Крякнул, поднялся и позвал Светлану Петровну. Она влетела, внесла в кабинет жизнь улицы, здоровье, вечную общественную круговерть. С ней было легко.

– Иду гулять! – сказал Леонид Павлович.

И Светлана Петровна, чмокнув его в щеку, сказала:

– Погуляй, Леня, а потом мы с тобой в театр пойдем. Ты же хотел этот спектакль посмотреть, два места за нами.

– А, этот! Ну пойдем посмотрим, что там Юртов наворочал.

Леонид Павлович вообще-то не любитель театров, но спектакль тенденциозный, да и идти недалеко.

Вечером они сидели в восьмом ряду, и Строев старался не задерживаться на лицах, знал, что многие рассматривают, а позировать не любил, тяготился такой вот известностью.

Спектакль был довольно смелый. Тем таких в искусстве ещё не было. Десятилетиями они звучали на устах, а вот теперь пробились и в творчество. За игрой актеров Леонид Павлович увидел главную режиссерскую задачу влезть в душу к зрителям, дать понять, что можно теперь обсуждать любые темы без оглядки. И актеры старались, ходили среди зрителей, создавали эффект присутствия, задавали в зал вопросы, интересовались, откуда кто приехал, кому как живется и просили чувствовать себя как дома. Леонид Павлович усмехался. Он бы давно ушел, но ему было приятно посмотреть на действительно талантливых актеров. И если бы не один из них, улыбчивый Барнилов (чье имя приводит всех женщин в трепет), который с успехом вел роль положительного героя, все бы кончилось обычно. Но обаяние Барнилова было огромно. Когда он улыбался – улыбались все, и Леонид Строев попадал под его гипнотическое обаяние, расплывался, как последняя девица, внимая его призывам к откровению.

Удалось Барнилову разговорить нескольких зрителей, а одного даже вывести на сцену, откуда этот зритель поведал о надеждах и чаяниях своего села.

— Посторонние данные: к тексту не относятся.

lemma exists_tangent_covnum_le:
  fixes x :: "'a::metric_space"
  assumes H: "uniformly_totally_bounded_at x" and r: "0 < r" "r < 1"
  obtains T where "T \<in> tangents x"
    "\<forall>\<^sub>F s in at_right 0. covnum_T T r (unit_cball T) \<le> covnum UNIV dist (r / 2 * s) (cball x s)"
proof -
  define N where "N s = covnum UNIV dist (r / 2 * s) (cball x s)" for s
  have "Liminf (at_right 0) N \<le> Limsup (at_right 0) N"
    by (rule Liminf_le_Limsup) simp
  moreover have "Limsup (at_right 0) N \<noteq> \<infinity>"
    unfolding N_def by (rule uniformly_totally_bounded_atD[OF H]) (use r in simp)
  ultimately have fin: "Liminf (at_right 0) N \<noteq> \<infinity>"
    by (auto simp: top_enat_def[symmetric] top_unique)
  obtain u where u: "\<And>k. u k > 0" "u \<longlonglongrightarrow> 0" "\<And>k. N (u k) \<le> Liminf (at_right 0) N"
    using frequently_at_right_0E[OF enat_Liminf_attained(2)[OF fin]] by blast
  define e where "e = r / 8"
  define s where "s k = u k / (1 + 2 * e)" for k
  have s: "\<And>k. s k > 0" "s \<longlonglongrightarrow> 0"
    using u(1) tendsto_divide[OF u(2) tendsto_const, of "1 + 2 * e"] r
    unfolding s_def[abs_def] e_def by auto
  obtain S dT p \<sigma> where T: "(S, dT, p) \<in> tangents x" "strict_mono \<sigma>"
    "pGH_conv (\<lambda>n. UNIV) (\<lambda>n a b. 1 / s (\<sigma> n) * dist a b) (\<lambda>n. x) S dT p"
    by (rule exists_tangent_along_subseq[OF H s])
  have "Metric_space S dT"
    using T(1) unfolding tangents_def by auto
  then have "\<forall>\<^sub>F n in sequentially. covnum S dT r {y\<in>S. dT p y \<le> 1} \<le>
      covnum UNIV dist ((r - 2 * e) / (1 / s (\<sigma> n))) (cball x ((1 + 2 * e) / (1 / s (\<sigma> n))))"
    by (rule eventually_tangent_covnum_le[OF _ T(3)]) (use s(1) r in \<open>auto simp: e_def\<close>)
  then obtain n where n: "covnum S dT r {y\<in>S. dT p y \<le> 1} \<le>
      covnum UNIV dist ((r - 2 * e) / (1 / s (\<sigma> n))) (cball x ((1 + 2 * e) / (1 / s (\<sigma> n))))"
    using eventually_happens'[OF sequentially_bot] by blast
  have "(1 + 2 * e) / (1 / s (\<sigma> n)) = u (\<sigma> n)" "r / 2 * u (\<sigma> n) \<le> (r - 2 * e) / (1 / s (\<sigma> n))"
    using u(1)[of "\<sigma> n"] r by (simp_all add: s_def e_def field_simps)
  then have "covnum UNIV dist ((r - 2 * e) / (1 / s (\<sigma> n))) (cball x ((1 + 2 * e) / (1 / s (\<sigma> n))))
      \<le> N (u (\<sigma> n))"
    unfolding N_def by (simp add: covnum_mono)
  with u(3)[of "\<sigma> n"] n have "covnum_T (S, dT, p) r (unit_cball (S, dT, p)) \<le> Liminf (at_right 0) N"
    unfolding covnum_T_unit_cball by (meson order.trans)
  then have "\<forall>\<^sub>F s in at_right 0. covnum_T (S, dT, p) r (unit_cball (S, dT, p)) \<le> N s"
    using enat_Liminf_attained(1)[OF fin] by (auto elim: eventually_mono)
  then show ?thesis
    using that[OF T(1)] unfolding N_def by blast
qed

section \<open>Tangential dimensions\<close>

definition upper_dim_at_scale :: "'a::metric_space \<Rightarrow> real \<Rightarrow> ereal" where
  "upper_dim_at_scale x lam =
     Limsup (at_right 0) (\<lambda>s. elog (covnum UNIV dist (lam * s) (cball x s)) / ereal (ln (1 / lam)))"

definition lower_dim_at_scale :: "'a::metric_space \<Rightarrow> real \<Rightarrow> ereal" where
  "lower_dim_at_scale x lam =
     Liminf (at_right 0) (\<lambda>s. elog (covnum UNIV dist (lam * s) (cball x s)) / ereal (ln (1 / lam)))"

definition tangent_sup_dim :: "'a::metric_space \<Rightarrow> real \<Rightarrow> ereal" where
  "tangent_sup_dim x r = (SUP T\<in>tangents x. elog (covnum_T T r (unit_cball T)) / ereal (ln (1 / r)))"

definition tangent_inf_dim :: "'a::metric_space \<Rightarrow> real \<Rightarrow> ereal" where
  "tangent_inf_dim x r = (INF T\<in>tangents x. elog (covnum_T T r (unit_cball T)) / ereal (ln (1 / r)))"

lemma upper_dim_at_scale_nonneg: "0 < r \<Longrightarrow> r < 1 \<Longrightarrow> 0 \<le> upper_dim_at_scale x r"
  unfolding upper_dim_at_scale_def by (rule le_Limsup) (auto intro!: always_eventually elog_div_ln_nonneg)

– Товарищи, – торжествовал Барнилов, – мы сегодня здесь все равны, критикуем всех и себя тоже, так чего мы боимся, давайте стремиться к открытости, чего нам бояться, если от нашего страха и происходят все ужасы и беды. Равнодушие – вот наследие нашего прежнего времени. И я был не так уж хорош (схитрил Барнилов), но теперь – мы творцы жизни. Что у кого наболело, высказывайте, чего вы боитесь?

Леонид Павлович недоумевал: зачем режиссер так настоял на подключении зрителей? Какой-то неуместный диспут. Но любопытно все-таки посмотреть на того, кто не выдержит искушения. Барнилов разгуливал в зале и не унимался. Его призыв звучал уже как осуждение.

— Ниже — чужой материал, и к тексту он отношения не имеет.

lemma inv_word_simps [simp]:
  "inv_word [] = []"
  "inv_word ((i, b) # w) = inv_word w @ [(i, \<not> b)]"
  "inv_word (u @ v) = inv_word v @ inv_word u"
  by (simp_all add: inv_word_def)

lemma inv_word_inv_word [simp]: "inv_word (inv_word w) = w"
  by (simp add: inv_word_def rev_map comp_def case_prod_beta)

lemma wf_word_inv_word [simp]: "wf_word n (inv_word w) \<longleftrightarrow> wf_word n w"
  unfolding wf_word_def inv_word_def by (simp add: image_image case_prod_beta)

lemma braid_eq_cancel_inv_word: "wf_word n w \<Longrightarrow> braid_eq n (w @ inv_word w) []"
proof (induction w)
  case Nil
  then show ?case by (simp add: braid_eq.refl)
next
  case (Cons l w)
  obtain i b where l: "l = (i, b)" by fastforce
  have "braid_eq n ([l] @ (w @ inv_word w) @ [(i, \<not> b)]) ([l] @ [] @ [(i, \<not> b)])"
    using Cons by (intro braid_eq.cong) (simp add: wf_word_def)
  also have "braid_eq n \<dots> []"
    using braid_eq.cancel[of i n b] Cons.prems by (simp add: l wf_word_def)
  finally show ?case by (simp add: l)
qed

lemma braid_eq_inv_word_cancel: "wf_word n w \<Longrightarrow> braid_eq n (inv_word w @ w) []"
  using braid_eq_cancel_inv_word[of n "inv_word w"] by simp

lemma braid_eq_rearrange:
  assumes "wf_word n x" "wf_word n y" "braid_eq n (x @ u) (v @ y)"
  shows "braid_eq n (u @ inv_word y) (inv_word x @ v)"
proof -
  have "braid_eq n (u @ inv_word y) ((inv_word x @ x) @ u @ inv_word y)"
    using braid_eq.cong[OF braid_eq.sym[OF braid_eq_inv_word_cancel[OF assms(1)]], of "[]" "u @ inv_word y"]
    by simp
  also have "braid_eq n \<dots> (inv_word x @ (v @ y) @ inv_word y)"
    using braid_eq.cong[OF assms(3), of "inv_word x" "inv_word y"] by simp
  also have "braid_eq n \<dots> (inv_word x @ v @ [])"
    using braid_eq.cong[OF braid_eq_cancel_inv_word[OF assms(2)], of "inv_word x @ v" "[]"] by simp
  finally show ?thesis by simp
qed

lemma braid_eq_conj_append:
  assumes "wf_word n x"
  shows "braid_eq n (x @ u @ v @ inv_word x) ((x @ u @ inv_word x) @ (x @ v @ inv_word x))"
  using braid_eq.cong[OF braid_eq.sym[OF braid_eq_inv_word_cancel[OF assms]], of "x @ u" "v @ inv_word x"]
  by simp

definition commute :: "nat \<Rightarrow> art_word \<Rightarrow> art_word \<Rightarrow> bool" where
  "commute n u v \<longleftrightarrow> braid_eq n (u @ v) (v @ u)"

lemma commute_Nil [simp]: "commute n [] v" "commute n u []"
  by (simp_all add: commute_def braid_eq.refl)

lemma commute_sym: "commute n u v \<Longrightarrow> commute n v u"
  unfolding commute_def by (rule braid_eq.sym)

lemma braid_eq_swap: "commute n u v \<Longrightarrow> braid_eq n (x @ u @ v @ y) (x @ v @ u @ y)"
  using braid_eq.cong[of n "u @ v" "v @ u" x y] unfolding commute_def by simp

– Неужели мы такие трусливые? Чего мы боимся?

– А мы и не боимся! – разорвалась долгожданная бомба.

Леонид Павлович вздрогнул. Ему показалось, что это заявил он сам. Он скосил глаза и не увидел Светлану Петровну на месте. Она, наступая на ноги сидящим, устремилась на сцену.

– Подсадная, – прошептал кто-то сзади.

"Она делает из меня идиота! Боже, что она творит!" – втянул голову в плечи Леонид Павлович.

Электрический разряд пронзил его тело, захотелось тут же провалиться, вынестись вон из зала, отречься от Светланы Петровны, навеки забыть весь этот позор.

– Я хочу сказать, – продолжала уже со сцены Светлана Петровна, – что хотя наше правительство...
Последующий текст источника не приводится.